I speak, of course, of The Hobbit—written by J. R. R. Tolkien and published in 1937. The Hobbit was the first of the stories to come from Middle Earth, the fantasy realm where most of Tolkien’s stories took place. The Hobbit was also considered the prequel to the more well-known “Lord of the Ring” trilogy.

However, this is not a book review, or an itinerary of Tolkien’s other works. It is a review of The Hobbit, An Unexpected Journey—the major motion picture that was just unveiled on December 14, 2012.

The movie is set very similar to the book; it begins with the now famous phrase “In a hole in the ground, there lived a hobbit…” and follows the story very closely, with a few minor discretions.

Those minor details are critical to my review. The Hobbit, An Unexpected Journey, is actually the first in an anticipated three part series of movies. As a result of this extended story, the producers are including stories and a character from Tolkien’s other works, such as the Silmarilion and the Lost Tales. This, in my opinion, is a brilliant idea.

The Unexpected Journey combines enough Tolkien lore to make the hardcore fans happy, but enough excitement and adventure to have the average movie goer blown away—which is pretty impressive, since the movie is two hours and forty six minutes long.

As far as the main cast, Martin Freeman makes an excellent hobbit and Ian McKellan always makes an awesome wizard, in real life and elsewhere.
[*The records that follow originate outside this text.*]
(* Assume: (C2)$'$ there exist $p_0>1$ and $C_0>0$ with $|c({\bm z},w)|\le C_0(\|{\bm z}\|^{p_0-1}+|w|^{p_0-1}+1)$ for all $({\bm z},w)\in Z\times Y$; (C4)$'$ $c({\bm z},\cdot)$ is differentiable and there exist $C_1>0$, $p_1\ge1$ with $|c_2'({\bm z}_1,w_1)-c_2'({\bm z}_2,w_2)|\le C_1L_{p_1}({\bm z}_1,{\bm z}_2)(\|{\bm z}_1-{\bm z}_2\|+|w_1-w_2|)$ for all $w_1,w_2\in\mathbb{R}$, ${\bm z}_1,{\bm z}_2\in Z$; (C5) $c({\bm z},\cdot)$ is twice differentiable and there exist $C_2>0$, $p_2\ge1$ with $|c_2''({\bm z}_1,w_1)-c_2''({\bm z}_2,w_2)|\le C_2L_{p_2}({\bm z}_1,{\bm z}_2)(\|{\bm z}_1-{\bm z}_2\|+|w_1-w_2|)$ for all $w_1,w_2\in Y$, ${\bm z}_1,{\bm z}_2\in Z$; (K1)$'$ there is $C_3>0$ with $\|k_{{\bm x}_1}-k_{{\bm x}_2}\|_k\le C_3\|{\bm x}_1-{\bm x}_2\|$ for all ${\bm x}_1,{\bm x}_2\in X$. For ${\bm h}\in{\cal H}_k$ (and a given ${\bm f}$) let $$\widetilde{\mathcal P}_{\bm h}:=\{Q\in\mathscr{P}(Z):\mathbb{E}_Q[|c_2'({\bm z},{\bm f}({\bm x}))|\|k_{\bm x}\|_k]<\infty,\ \mathbb{E}_Q[|c_2''({\bm z},{\bm f}({\bm x}))|\|T_{\bm x}{\bm h}\|_k]<\infty\},$$ where $T_{\bm x}{\bm h}:=k_{\bm x}\langle k_{\bm x},{\bm h}\rangle$. Then ${\cal M}_Z^{\max\{p_1+1,p_2+2\}}\subset\widetilde{\mathcal P}_{\bm h}$ for all ${\bm h}\in{\cal H}_k$, and $$D_{\bm f}\big(\mathbb{E}_Q[c_2'({\bm z},{\bm f}({\bm x}))k_{\bm x}]\big)=\mathbb{E}_Q[c_2''({\bm z},{\bm f}({\bm x}))T_{\bm x}]\quad\forall Q\in{\cal M}_Z^{\max\{p_1+1,p_2+2\}}.$$
   Context: Setting: $X\subset\mathbb{R}^n$, $Y\subset\mathbb{R}$, $Z=X\times Y$ with norm $\|\cdot\|$, ${\bm z}=({\bm x},y)$; $k$ a Mercer kernel on $X$ with RKHS ${\cal H}_k$ (norm $\|\cdot\|_k$), $k_{\bm x}=k(\cdot,{\bm x})$, ${\bm f}({\bm x})=\langle{\bm f},k_{\bm x}\rangle$; $c:Z\times\mathbb{R}\to[0,\infty)$ a loss with $c_2',c_2''$ its first and second derivatives in the second argument. $L_p({\bm z}_1,{\bm z}_2):=\max\{1,\|{\bm z}_1\|,\|{\bm z}_2\|\}^{p-1}$. ${\cal M}_Z^q:=\{Q\in\mathscr{P}(Z):\int_Z\|{\bm z}\|^qQ(d{\bm z})<\infty\}$. $T_{\bm x}$ is a bounded linear operator on ${\cal H}_k$; $D_{\bm f}$ is the Gâteaux derivative of the ${\cal H}_k$-valued map ${\bm f}\mapsto\mathbb{E}_Q[c_2'({\bm z},{\bm f}({\bm x}))k_{\bm x}]$, a bounded linear operator on ${\cal H}_k$. *)

theory Defs
  imports "HOL-Probability.Probability"
begin

definition mercer_kernel :: "'x::topological_space set \<Rightarrow> ('x \<Rightarrow> 'x \<Rightarrow> real) \<Rightarrow> bool" where
  "mercer_kernel X k \<longleftrightarrow> continuous_on (X \<times> X) (\<lambda>p. k (fst p) (snd p))
     \<and> (\<forall>x\<in>X. \<forall>y\<in>X. k x y = k y x)
     \<and> (\<forall>xs a. set xs \<subseteq> X \<longrightarrow> length a = length xs \<longrightarrow>
          (\<Sum>i<length xs. \<Sum>j<length xs. a!i * a!j * k (xs!i) (xs!j)) \<ge> 0)"

definition Lp :: "real \<Rightarrow> 'z::real_normed_vector \<Rightarrow> 'z \<Rightarrow> real" where
  "Lp p z1 z2 = (max 1 (max (norm z1) (norm z2))) powr (p - 1)"

definition prob_on :: "'z::topological_space set \<Rightarrow> 'z measure \<Rightarrow> bool" where
  "prob_on Z Q \<longleftrightarrow> prob_space Q \<and> space Q = Z \<and> sets Q = sets (restrict_space borel Z)"

definition moment_class :: "'z::real_normed_vector set \<Rightarrow> real \<Rightarrow> 'z measure set" where
  "moment_class Z q = {Q. prob_on Z Q \<and> (\<integral>\<^sup>+ z. ennreal (norm z powr q) \<partial>Q) < \<infinity>}"

definition Tx :: "('x \<Rightarrow> 'h::real_inner) \<Rightarrow> 'x \<Rightarrow> 'h \<Rightarrow> 'h" where
  "Tx kx x h = inner (kx x) h *\<^sub>R kx x"

definition Ptilde :: "('x::topological_space \<times> real) set \<Rightarrow> ('x \<times> real \<Rightarrow> real \<Rightarrow> real) \<Rightarrow> ('x \<times> real \<Rightarrow> real \<Rightarrow> real)
     \<Rightarrow> ('x \<Rightarrow> 'h::real_inner) \<Rightarrow> 'h \<Rightarrow> 'h \<Rightarrow> ('x \<times> real) measure set" where
  "Ptilde Z c' c'' kx f h = {Q. prob_on Z Q
     \<and> (\<integral>\<^sup>+ z. ennreal (\<bar>c' z (inner f (kx (fst z)))\<bar> * norm (kx (fst z))) \<partial>Q) < \<infinity>
     \<and> (\<integral>\<^sup>+ z. ennreal (\<bar>c'' z (inner f (kx (fst z)))\<bar> * norm (Tx kx (fst z) h)) \<partial>Q) < \<infinity>}"

end

theory Submission
  imports Defs
begin

(* Write <z> for max 1 (norm z). Condition (C4') alone already controls everything: for fixed z
   it makes c'(z,-) Lipschitz with constant C1 <z>^(p1-1), which bounds both c''(z,-) and the
   difference quotients of t \<mapsto> c'(z, (f + t h)(x)), and comparing with a base point gives
   |c'(z,w)| = O(<z>^p1) for |w| = O(<z>); (K1') gives norm k_x = O(<z>). So every integrand
   in sight is dominated by a multiple of <z>^(p1+1), which is Q-integrable on the moment class
   of order p1 + 1 (containing that of order max (p1+1) (p2+2)), and dominated convergence
   differentiates under the integral. Only (C4'), the differentiability of c' and (K1') are
   used. *)

lemma has_vector_derivative_iff_difference_quotient:
  fixes F :: "real \<Rightarrow> 'a::real_normed_vector"
  shows "(F has_vector_derivative D) (at x within S) \<longleftrightarrow>
    ((\<lambda>y. (F y - F x) /\<^sub>R (y - x)) \<longlongrightarrow> D) (at x within S)"
proof -
  have "norm (F y - F x - (y - x) *\<^sub>R D) / norm (y - x) = norm ((F y - F x) /\<^sub>R (y - x) - D)"
    if "y \<noteq> x" for y
  proof -
    have "F y - F x - (y - x) *\<^sub>R D = (y - x) *\<^sub>R ((F y - F x) /\<^sub>R (y - x) - D)"
      using that by (simp add: scaleR_right_diff_distrib)
    then show ?thesis using that by simp
  qed
  then have "((\<lambda>y. norm (F y - F x - (y - x) *\<^sub>R D) / norm (y - x)) \<longlongrightarrow> 0) (at x within S)
      \<longleftrightarrow> ((\<lambda>y. (F y - F x) /\<^sub>R (y - x) - D) \<longlongrightarrow> 0) (at x within S)"
    by (subst tendsto_norm_zero_iff[symmetric]) (intro Lim_cong_within refl, auto)
  then show ?thesis
    by (simp add: has_vector_derivative_def has_derivative_iff_norm bounded_linear_scaleR_left LIM_zero_iff)
qed

lemma abs_DERIV_le_lipschitz:
  assumes "(g has_real_derivative d) (at w)" and "\<And>u v. \<bar>g u - g v\<bar> \<le> L * \<bar>u - v\<bar>"
  shows "\<bar>d\<bar> \<le> L"
proof (rule tendsto_upperbound)
  show "((\<lambda>u. \<bar>(g u - g w) / (u - w)\<bar>) \<longlongrightarrow> \<bar>d\<bar>) (at w)"
    using assms(1) unfolding has_field_derivative_iff by (rule tendsto_rabs)
  show "\<forall>\<^sub>F u in at w. \<bar>(g u - g w) / (u - w)\<bar> \<le> L"
    unfolding eventually_at_filter
    by (rule always_eventually) (use assms(2) in \<open>auto simp: abs_divide divide_le_eq\<close>)
qed simp

lemma max_one_powr_le_one_add_powr:
  fixes n r q :: real
  assumes "0 \<le> n" "0 \<le> r" "r \<le> q"
  shows "max 1 n powr r \<le> 1 + n powr q"
proof (cases "n \<le> 1")
  case False
  then have "n powr r \<le> n powr q" using assms by (intro powr_mono) auto
  moreover have "max 1 n = n" using False by simp
  ultimately show ?thesis by simp
qed simp

lemma borel_measurable_vector_derivative:
  fixes g :: "real \<Rightarrow> 'a \<Rightarrow> 'b::{real_normed_vector, second_countable_topology}"
  assumes "\<And>t. g t \<in> borel_measurable M"
    and "\<And>z. z \<in> space M \<Longrightarrow> ((\<lambda>t. g t z) has_vector_derivative g' z) (at x)"
  shows "g' \<in> borel_measurable M"
proof (rule borel_measurable_LIMSEQ_metric)
  define T where "T i = x + inverse (real (Suc i))" for i
  show "(\<lambda>z. (g (T i) z - g x z) /\<^sub>R (T i - x)) \<in> borel_measurable M" for i
    by (intro borel_measurable_scaleR borel_measurable_diff borel_measurable_const assms(1))
  show "(\<lambda>i. (g (T i) z - g x z) /\<^sub>R (T i - x)) \<longlonglongrightarrow> g' z" if "z \<in> space M" for z
  proof -
    have "T \<longlonglongrightarrow> x"
      unfolding T_def using tendsto_add[OF tendsto_const LIMSEQ_inverse_real_of_nat] by simp
    moreover have "\<forall>i. T i \<in> UNIV - {x}" by (simp add: T_def)
    ultimately show ?thesis
      using assms(2)[OF that]
      unfolding has_vector_derivative_iff_difference_quotient tendsto_at_iff_sequentially comp_def
      by blast
  qed
qed

lemma has_vector_derivative_integral:
  fixes g :: "real \<Rightarrow> 'a \<Rightarrow> 'b::{banach, second_countable_topology}"
  assumes integrable: "\<And>t. integrable M (g t)"
    and derivative: "\<And>z. z \<in> space M \<Longrightarrow> ((\<lambda>t. g t z) has_vector_derivative g' z) (at x)"
    and "integrable M w"
    and dominated: "\<And>t z. z \<in> space M \<Longrightarrow> t \<noteq> x \<Longrightarrow> norm ((g t z - g x z) /\<^sub>R (t - x)) \<le> w z"
  shows "((\<lambda>t. \<integral>z. g t z \<partial>M) has_vector_derivative (\<integral>z. g' z \<partial>M)) (at x)"
  unfolding has_vector_derivative_iff_difference_quotient tendsto_at_iff_sequentially
proof (intro allI impI)
  fix T :: "nat \<Rightarrow> real" assume T: "\<forall>i. T i \<in> UNIV - {x}" and "T \<longlonglongrightarrow> x"
  have quotient_limit: "(\<lambda>i. (g (T i) z - g x z) /\<^sub>R (T i - x)) \<longlonglongrightarrow> g' z"
    if "z \<in> space M" for z
    using derivative[OF that] T \<open>T \<longlonglongrightarrow> x\<close>
    unfolding has_vector_derivative_iff_difference_quotient tendsto_at_iff_sequentially comp_def
    by blast
  have g_measurable: "g t \<in> borel_measurable M" for t
    using integrable by (rule borel_measurable_integrable)
  have "(\<lambda>i. \<integral>z. (g (T i) z - g x z) /\<^sub>R (T i - x) \<partial>M) \<longlonglongrightarrow> (\<integral>z. g' z \<partial>M)"
  proof (rule integral_dominated_convergence[where w=w])
    show "g' \<in> borel_measurable M"
      using g_measurable derivative by (rule borel_measurable_vector_derivative)
  qed (use g_measurable quotient_limit dominated T \<open>integrable M w\<close> in \<open>auto intro!: AE_I2\<close>)
  moreover have "(\<lambda>t. ((\<integral>z. g t z \<partial>M) - (\<integral>z. g x z \<partial>M)) /\<^sub>R (t - x)) \<circ> T
      = (\<lambda>i. \<integral>z. (g (T i) z - g x z) /\<^sub>R (T i - x) \<partial>M)"
    by (rule ext)
      (simp only: comp_def integral_scaleR_right Bochner_Integration.integral_diff[OF integrable integrable])
  ultimately show "((\<lambda>t. ((\<integral>z. g t z \<partial>M) - (\<integral>z. g x z \<partial>M)) /\<^sub>R (t - x)) \<circ> T)
      \<longlonglongrightarrow> (\<integral>z. g' z \<partial>M)"
    by (simp only:)
qed

lemma bounded_linear_integral:
  fixes G :: "'b::real_normed_vector \<Rightarrow> 'a \<Rightarrow> 'c::{banach, second_countable_topology}"
  assumes linear: "\<And>z. linear (\<lambda>h. G h z)"
    and measurable: "\<And>h. G h \<in> borel_measurable M"
    and "integrable M w"
    and bound: "\<And>h z. z \<in> space M \<Longrightarrow> norm (G h z) \<le> norm h * w z"
  shows "bounded_linear (\<lambda>h. \<integral>z. G h z \<partial>M)"
proof (rule bounded_linear_intro)
  have integrable: "integrable M (G h)" for h
  proof (rule Bochner_Integration.integrable_bound[where f="\<lambda>z. norm h * w z"])
    show "integrable M (\<lambda>z. norm h * w z)" using \<open>integrable M w\<close> by simp
    show "AE z in M. norm (G h z) \<le> norm (norm h * w z)"
      using bound by (intro AE_I2) (smt (verit) real_norm_def)
  qed (rule measurable)
  show "(\<integral>z. G (h + k) z \<partial>M) = (\<integral>z. G h z \<partial>M) + (\<integral>z. G k z \<partial>M)" for h k
    using integrable linear_add[OF linear] by simp
  show "(\<integral>z. G (r *\<^sub>R h) z \<partial>M) = r *\<^sub>R (\<integral>z. G h z \<partial>M)" for r h
    using linear_scale[OF linear] by simp
  show "norm (\<integral>z. G h z \<partial>M) \<le> norm h * (\<integral>z. w z \<partial>M)" for h
  proof -
    have "norm (\<integral>z. G h z \<partial>M) \<le> (\<integral>z. norm (G h z) \<partial>M)"
      by (rule integral_norm_bound)
    also have "\<dots> \<le> (\<integral>z. norm h * w z \<partial>M)"
      using integrable \<open>integrable M w\<close> bound by (intro integral_mono) auto
    finally show ?thesis by simp
  qed
qed

lemma max_one_norm_powr_mult:
  "max 1 (norm z) powr a * max 1 (norm z) = max 1 (norm z) powr (a + 1)"
  by (simp add: powr_add)

lemma lipschitz_on_linear_growth:
  assumes "C-lipschitz_on X f"
  obtains A where "0 \<le> A" "\<And>x. x \<in> X \<Longrightarrow> norm (f x) \<le> A * max 1 (norm x)"
proof (cases "X = {}")
  case False
  then obtain x0 where x0: "x0 \<in> X" by blast
  have C: "0 \<le> C" using assms by (rule lipschitz_on_nonneg)
  show ?thesis
  proof
    show "0 \<le> norm (f x0) + C * norm x0 + C" using C by simp
    fix x assume "x \<in> X"
    have "norm (f x) \<le> norm (f x0) + C * norm (x - x0)"
      using lipschitz_on_normD[OF assms \<open>x \<in> X\<close> x0] norm_triangle_sub[of "f x" "f x0"] by simp
    also have "\<dots> \<le> norm (f x0) + C * norm x0 + C * norm x"
      using mult_left_mono[OF norm_triangle_ineq4[of x x0] C] by (simp add: distrib_left)
    also have "\<dots> \<le> (norm (f x0) + C * norm x0 + C) * max 1 (norm x)"
    proof -
      have "norm (f x0) + C * norm x0 \<le> (norm (f x0) + C * norm x0) * max 1 (norm x)"
        using mult_left_mono[of 1 "max 1 (norm x)" "norm (f x0) + C * norm x0"] C by simp
      moreover have "C * norm x \<le> C * max 1 (norm x)" using C by (intro mult_left_mono) auto
      ultimately show ?thesis by (simp add: distrib_right)
    qed
    finally show "norm (f x) \<le> (norm (f x0) + C * norm x0 + C) * max 1 (norm x)" .
  qed
qed auto

lemma borel_measurable_continuous_on_prob_on:
  assumes "prob_on Z Q" "continuous_on Z g"
  shows "g \<in> borel_measurable Q"
proof -
  have "sets Q = sets (restrict_space borel Z)" using assms(1) by (simp add: prob_on_def)
  then show ?thesis
    unfolding measurable_cong_sets[OF _ refl] using borel_measurable_continuous_on_restrict[OF assms(2)] by simp
qed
I absolutely adored the dwarves—the movie did an excellent job catching individual personalities, and given that there were thirteen of them altogether, is a very impressive feat.

And don’t get me started on the music. Tolkien’s poems and songs are regarded as masterpieces by many literary critics, but not one was featured in the Lord of the Ring’s trilogy, and the last recollection of them actually getting any airtime was in 1977, when the animated Hobbit came to theaters.

I would say the only complaint I can come up with for this movie is that I have to wait until December 13, 2013 to watch the sequel, the Desolation of Smaug.